民主党参院議員の蓮舫氏(47)は、仲間の応援に引っ張りだこ。解散した11月21日からトレードマークの純白ジャケットに身を包み、香川、愛媛、千葉、新潟、広島と飛び回る。

「やりたい放題の安倍総理に、4年間白紙委任するのですか!」

 うちわ問題で松島みどり前法相を辞任に追い込んだ舌鋒の鋭さは相変わらず。時おり拳を振り上げながら、聴衆を引き込んでいく。

「冬の演説はコンパクトさが重要。蓮舫さんは10分間で首相批判、党の政策、候補者のアピールをきれいに盛り込む。模範的です」(民主党関係者)

 民主党は100議席超えも視野に入るだけに、蓮舫氏も応援に力が入る。だが、つい1カ月前までは衆院東京6区へのくら替え出馬がウワサされていた。

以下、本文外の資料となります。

definition root_subsystem :: "'a::euclidean_space set \<Rightarrow> 'a set \<Rightarrow> bool" where
  "root_subsystem \<Phi> \<Psi> \<longleftrightarrow> \<Psi> \<noteq> {} \<and> \<Psi> \<subseteq> \<Phi> \<and> (\<forall>\<alpha>\<in>\<Psi>. \<forall>\<beta>\<in>\<Psi>. refl_vec \<alpha> \<beta> \<in> \<Psi>)"

definition chambers :: "'a::euclidean_space set \<Rightarrow> 'a set set" where
  "chambers X = components (UNIV - (\<Union>\<alpha>\<in>X. hyperplane \<alpha>))"

definition chamber_of :: "'a::euclidean_space set \<Rightarrow> 'a set \<Rightarrow> 'a set" where
  "chamber_of \<Psi> D = (THE F. F \<in> chambers \<Psi> \<and> D \<subseteq> F)"

definition pos_roots :: "'a::euclidean_space set \<Rightarrow> 'a set \<Rightarrow> 'a set" where
  "pos_roots \<Phi> C = {\<alpha>\<in>\<Phi>. \<forall>e\<in>C. e \<bullet> \<alpha> > 0}"

definition simple_system :: "'a::euclidean_space set \<Rightarrow> 'a set \<Rightarrow> bool" where
  "simple_system \<Phi> S \<longleftrightarrow> S \<subseteq> \<Phi> \<and> independent S \<and>
     (\<forall>\<alpha>\<in>\<Phi>. \<exists>c. \<alpha> = (\<Sum>s\<in>S. c s *\<^sub>R s) \<and>
        ((\<forall>s\<in>S. c s \<ge> 0) \<or> (\<forall>s\<in>S. c s \<le> 0)))"

definition simple_roots :: "'a::euclidean_space set \<Rightarrow> 'a set \<Rightarrow> 'a set" where
  "simple_roots \<Phi> C = (THE S. simple_system \<Phi> S \<and> S \<subseteq> pos_roots \<Phi> C)"

definition lifts :: "'a::euclidean_space set \<Rightarrow> 'a set \<Rightarrow> 'a set \<Rightarrow> 'a set \<Rightarrow> bool" where
  "lifts \<Phi> \<Psi> C F \<longleftrightarrow> simple_roots \<Psi> F \<subseteq> simple_roots \<Phi> C"

end

theory Submission
  imports Defs
begin

text \<open>
  The positive roots of a chamber C span a pointed cone; an irredundant set of generators of this
  cone is pairwise obtuse and hence linearly independent, which gives the simple system
  \<Phi>^s(C), and comparing two simple systems inside \<Phi>^+(C) root by root shows it is unique.
  A subset X of \<Phi>^s(C) is a simple system of the root system \<real>X \<inter> \<Phi>, and by induction
  on the height, using that a simple reflection permutes the other positive roots, every
  reflection-closed set containing X contains \<real>X \<inter> \<Phi>. Since the positive roots of \<Psi> for
  D_\<Psi> are \<Psi> \<inter> \<Phi>^+(D), both directions of the theorem follow from uniqueness of simple
  systems.
\<close>

section \<open>Nonnegative combinations\<close>

lemma sum_single_coeff_scaleR:
  fixes S :: "'a::real_vector set"
  assumes "finite S" "y \<in> S"
  shows "(\<Sum>u\<in>S. (if u = y then q else 0) *\<^sub>R u) = q *\<^sub>R y"
  using assms by (simp add: if_distrib[of "\<lambda>c. c *\<^sub>R _"] cong: if_cong)
lemma permutes_neq_id_descent:
  assumes x: "x permutes {1..n}" and "x \<noteq> id"
  shows "\<exists>k. 1 \<le> k \<and> k < n \<and> x (Suc k) < x k"
proof -
  have "\<exists>k. x k \<noteq> k" using \<open>x \<noteq> id\<close> eq_id_iff by blast
  then obtain k where k: "x k \<noteq> k" and below: "\<And>j. j < k \<Longrightarrow> x j = j"
    using exists_least_iff[of "\<lambda>k. x k \<noteq> k"] by blast
  define m where "m = inv x k"
  have "x m = k" unfolding m_def using x by (simp add: permutes_inverses)
  have inj: "x a = x b \<Longrightarrow> a = b" for a b using permutes_inj[OF x] by (meson injD)
  have "k < x k"
  proof (rule ccontr)
    assume "\<not> k < x k"
    with k have "x (x k) = x k" by (intro below) simp
    with inj k show False by blast
  qed
  have "m \<noteq> k" using k \<open>x m = k\<close> by auto
  have "k < m"
  proof (rule ccontr)
    assume "\<not> k < m"
    with \<open>m \<noteq> k\<close> have "x m = m" by (intro below) simp
    with \<open>x m = k\<close> \<open>m \<noteq> k\<close> show False by simp
  qed
  have "m \<in> {1..n}" "k \<in> {1..n}"
    using permutes_not_in[OF x] \<open>x m = k\<close> \<open>m \<noteq> k\<close> k by metis+
  show ?thesis
  proof (rule ccontr)
    assume no_descent: "\<not> ?thesis"
    have "x j \<le> x (Suc j)" if "j \<in> {k..<m}" for j
    proof -
      have "1 \<le> j" "j < n" using that \<open>m \<in> {1..n}\<close> \<open>k \<in> {1..n}\<close> by auto
      with no_descent show ?thesis by (meson not_less)
    qed
    then have "x k \<le> x m"
      using lift_Suc_mono_le_ivl[of "{k..<m}" x k m] \<open>k < m\<close> by simp
    with \<open>k < x k\<close> \<open>x m = k\<close> show False by simp
  qed
qed

lemma ex_simple_word:
  "x permutes {1..n} \<Longrightarrow> \<exists>ws. set ws \<subseteq> {1..<n} \<and> length ws \<le> ninversions n x \<and> x = simple_word ws"
proof (induction "ninversions n x" arbitrary: x rule: less_induct)
  case less
  show ?case
  proof (cases "x = id")
    case False
    then obtain k where k: "1 \<le> k" "k < n" "x (Suc k) < x k"
      using permutes_neq_id_descent less.prems by blast
    define y where "y = x \<circ> transpose k (Suc k)"
    have y: "y permutes {1..n}"
      using k less.prems by (auto simp: y_def intro!: permutes_compose permutes_swap_id)
    have x: "x = y \<circ> transpose k (Suc k)"
      by (simp add: y_def comp_assoc)
    have "ninversions n y < ninversions n (y \<circ> transpose k (Suc k))"
      using k by (intro ninversions_less_comp_transpose[OF y]) (auto simp: y_def)
    then have less_x: "ninversions n y < ninversions n x" using x by simp
    then obtain ws where "set ws \<subseteq> {1..<n}" "length ws \<le> ninversions n y" "y = simple_word ws"
      using less.hyps y by blast
    with k x less_x show ?thesis
      by (intro exI[of _ "ws @ [k]"]) (auto simp: simple_word_append)
  qed (intro exI[of _ "[]"]; simp)
qed

lemma coxlen_eq_ninversions:
  assumes "x permutes {1..n}"
  shows "coxlen n x = ninversions n x"
  unfolding coxlen_def simple_word_def[symmetric]
proof (rule Least_equality)
  obtain ws where ws: "set ws \<subseteq> {1..<n}" "length ws \<le> ninversions n x" "x = simple_word ws"
    using ex_simple_word[OF assms] by blast
  with ninversions_simple_word_le[OF ws(1)] show
    "\<exists>ws. length ws = ninversions n x \<and> set ws \<subseteq> {1..<n} \<and> x = simple_word ws"
    by (intro exI[of _ ws]) simp
qed (use ninversions_simple_word_le in blast)

section \<open>Bruhat edges\<close>

definition bruhat_step :: "nat \<Rightarrow> (nat \<Rightarrow> nat) \<Rightarrow> (nat \<Rightarrow> nat) \<Rightarrow> bool" where
  "bruhat_step n x y \<longleftrightarrow> (\<exists>p q. 1 \<le> p \<and> p < q \<and> q \<le> n \<and> x p < x q \<and> y = x \<circ> transpose p q)"

definition bruhat_ascent :: "(nat \<Rightarrow> nat) \<Rightarrow> nat \<Rightarrow> nat \<Rightarrow> bool" where
  "bruhat_ascent x a b \<longleftrightarrow> (a < b \<longleftrightarrow> x a < x b)"

lemma inj_comp_cancel_left: "inj x \<Longrightarrow> x \<circ> f = x \<circ> g \<Longrightarrow> f = g"
  by (rule ext) (metis comp_apply injD)

lemma transpose_eq_imp_doubleton_eq:
  assumes "transpose a b = transpose p q" "a \<noteq> b"
  shows "{a, b} = {p, q}"
proof -
  have "transpose p q a = b" "transpose p q b = a"
    using assms(1) by (metis transpose_apply_first transpose_apply_second)+
  with assms(2) show ?thesis by (auto simp: transpose_eq_iff)
qed

lemma bruhat_step_permutes: "x permutes {1..n} \<Longrightarrow> bruhat_step n x y \<Longrightarrow> y permutes {1..n}"
  unfolding bruhat_step_def by (auto intro!: permutes_compose permutes_swap_id)

lemma bruhat_step_ninversions_less:
  "x permutes {1..n} \<Longrightarrow> bruhat_step n x y \<Longrightarrow> ninversions n x < ninversions n y"
  unfolding bruhat_step_def using ninversions_less_comp_transpose by blast

lemma bruhat_step_comp_transpose_iff:
  assumes x: "x permutes {1..n}" and "a \<noteq> b"
  shows "bruhat_step n x (x \<circ> transpose a b) \<longleftrightarrow>
    a \<in> {1..n} \<and> b \<in> {1..n} \<and> bruhat_ascent x a b"
proof
  assume "bruhat_step n x (x \<circ> transpose a b)"
  then obtain p q where pq: "1 \<le> p" "p < q" "q \<le> n" "x p < x q"
    and eq: "x \<circ> transpose a b = x \<circ> transpose p q"
    unfolding bruhat_step_def by blast
  have "transpose a b = transpose p q"
    using inj_comp_cancel_left[OF permutes_inj[OF x] eq] .
  then have "{a, b} = {p, q}"
    using \<open>a \<noteq> b\<close> by (rule transpose_eq_imp_doubleton_eq)
  with pq show "a \<in> {1..n} \<and> b \<in> {1..n} \<and> bruhat_ascent x a b"
    by (auto simp: doubleton_eq_iff bruhat_ascent_def)
next
  assume ab: "a \<in> {1..n} \<and> b \<in> {1..n} \<and> bruhat_ascent x a b"
  have "x a \<noteq> x b" using \<open>a \<noteq> b\<close> permutes_inj[OF x] by (metis injD)
  have "transpose a b = transpose (min a b) (max a b)"
    by (simp add: min_def max_def transpose_commute)
  moreover have "x (min a b) < x (max a b)"
    using ab \<open>a \<noteq> b\<close> \<open>x a \<noteq> x b\<close> by (auto simp: min_def max_def bruhat_ascent_def)
  ultimately show "bruhat_step n x (x \<circ> transpose a b)"
    unfolding bruhat_step_def using ab \<open>a \<noteq> b\<close>
    by (intro exI[of _ "min a b"] exI[of _ "max a b"]) auto
qed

 6区は小宮山洋子元厚生労働相の地盤。前回の衆院選で落選して引退したため、民主党の空白区となっていた。蓮舫氏はかつて友人に「いずれ衆院で上を目指したい」と語り、今夏には6区の世田谷区に事務所を移転。いよいよと見られていたのに、なぜ不出馬だったのか?

「民主党で長年面倒を見てもらった師匠の仙谷由人元官房長官に配慮した」と明かすのは民主党幹部だ。

「6区はもともと民主党が強い選挙区。前回、旧徳島1区から出馬し落選した師匠の仙谷氏に東京6区から出てもらい、当選して最後の1期、花道を飾ってもらおうとしたのです。蓮舫さんは全面支援し、出馬するのは次回でいいと。両者と親しい枝野幸男幹事長もこれを快諾。水面下で計画は進んでいたのですが、直前になって仙谷さんの体調がすぐれず、白紙となってしまった。蓮舫氏は泣いて残念がったようです」

 いま全国を飛び回りながら、頭の中では、実現しなかった師匠への応援をイメージしているのか。

 真相について聞こうと11月27日、演説終わりの蓮舫氏を直撃したが、「急いでいますので」とかわされてしまった。
 
 前出の幹部は話す。

「6区は結局、野党統一候補として維新の党の新人が立候補しました。だがウチは空白のまま。今回の結果がどうなろうと、次期衆院選は間違いなく蓮舫氏が出馬するでしょう」

 蓮舫サン、衆院小選挙区は1位じゃないとダメなんです。